Le revirement s’opère à la Coupe du monde de Zagreb, début janvier 2017. Après sept succès d’affilée en slalom, elle n’est qu’à une victoire du record de Vreni Schneider et de Janica Kostelic mais elle sort de piste. C’est une délivrance. On ne va plus l’ennuyer avec ce record. Elle prend conscience que les attentes des gens ont influencé son mode de pensée. Un psychologue l’aide à contrôler ses émotions. Avant le Championnat du monde 2017, elle poste sur Instagram les versets du célèbre poème Invictus de William Ernest Henley.  » Je suis maîtresse de mon sort. Je suis le capitaine de mon âme.  » Son psychologue lui conseille d’inscrire sur ses gants  » I am « , avant le Mondial. C’est efficace car elle conquiert son troisième sacre mondial en slalom, sans vomir.

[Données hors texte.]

lemma young_function_nonneg: "young_function A \<Longrightarrow> 0 \<le> s \<Longrightarrow> 0 \<le> A s"
  unfolding young_function_def by (metis atLeast_iff mono_onD order_refl)

lemma borel_measurable_young_function_div:
  assumes "young_function A" "g \<in> borel_measurable M" "0 \<le> l"
  shows "(\<lambda>x. A (\<bar>g x\<bar> / l)) \<in> borel_measurable M"
proof -
  have "continuous_on {0..} A"
    using assms(1) unfolding young_function_def by simp
  then have "continuous_on UNIV (\<lambda>s. A (max 0 s))"
    by (rule continuous_on_compose2) (auto intro: continuous_on_max continuous_on_const continuous_on_id)
  moreover have "(\<lambda>x. \<bar>g x\<bar> / l) \<in> borel_measurable M"
    using assms(2) by measurable
  ultimately have "(\<lambda>x. A (max 0 (\<bar>g x\<bar> / l))) \<in> borel_measurable M"
    by (rule borel_measurable_continuous_on)
  then show ?thesis using assms(3) by (simp add: max_absorb2)
qed

lemma young_function_div_add_le:
  assumes A: "young_function A" and l: "0 < l\<^sub>1" "0 < l\<^sub>2"
    and u: "0 \<le> u\<^sub>1" "0 \<le> u\<^sub>2" "0 \<le> u" "u \<le> u\<^sub>1 + u\<^sub>2"
  shows "A (u / (l\<^sub>1 + l\<^sub>2)) \<le> l\<^sub>1 / (l\<^sub>1 + l\<^sub>2) * A (u\<^sub>1 / l\<^sub>1) + l\<^sub>2 / (l\<^sub>1 + l\<^sub>2) * A (u\<^sub>2 / l\<^sub>2)"
proof -
  define L where "L = l\<^sub>1 + l\<^sub>2"
  have L: "0 < L" using l by (simp add: L_def)
  have "l\<^sub>1 / L + l\<^sub>2 / L = 1"
    using L unfolding add_divide_distrib[symmetric] L_def by simp
  moreover have "0 \<le> l\<^sub>1 / L" "0 \<le> l\<^sub>2 / L" using l L by simp_all
  ultimately have w: "0 \<le> l\<^sub>2 / L" "l\<^sub>2 / L \<le> 1" "1 - l\<^sub>2 / L = l\<^sub>1 / L" by linarith+
  have "A (u / L) \<le> A ((u\<^sub>1 + u\<^sub>2) / L)"
    using A L u unfolding young_function_def by (auto intro!: mono_onD[of "{0..}" A] divide_right_mono)
  also have "(u\<^sub>1 + u\<^sub>2) / L = (1 - l\<^sub>2 / L) *\<^sub>R (u\<^sub>1 / l\<^sub>1) + (l\<^sub>2 / L) *\<^sub>R (u\<^sub>2 / l\<^sub>2)"
    using l unfolding w(3) by (simp add: add_divide_distrib)
  also have "A \<dots> \<le> (1 - l\<^sub>2 / L) * A (u\<^sub>1 / l\<^sub>1) + l\<^sub>2 / L * A (u\<^sub>2 / l\<^sub>2)"
    using A l u w unfolding young_function_def by (intro convex_onD[of "{0..}" A]) auto
  finally show ?thesis unfolding w(3) unfolding L_def .
qed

Elle est libérée du stress et avant les Jeux de PyeongChang 2018, elle adopte une chanson du rappeur Eminem comme nouveau mantra : Guts over fear, audace et agressivité plutôt qu’angoisse. L’Américaine remporte le slalom géant olympique. Mais sur son slalom, elle loupe le podium, peut-être à cause d’une nuit écourtée par la cérémonie protocolaire de la veille. Les critiques pleuvent, aux USA, mais Shiffrin ne s’en occupe pas. Parce qu’en 2017, elle contrôle ses émotions.  » Il est normal d’être nerveuse et de ne pas gagner toutes les épreuves « , déclare Mika au début de cet hiver au Denver Post.

Son bilan depuis les Jeux, en slalom ? Huit victoires en neuf manches de Coupe du monde. Elle n’a failli qu’à Flachau, le 8 janvier dernier, terminant… deuxième. En riant, elle a déclaré qu’elle y survivrait. Parce qu’elle est maîtresse de son sort.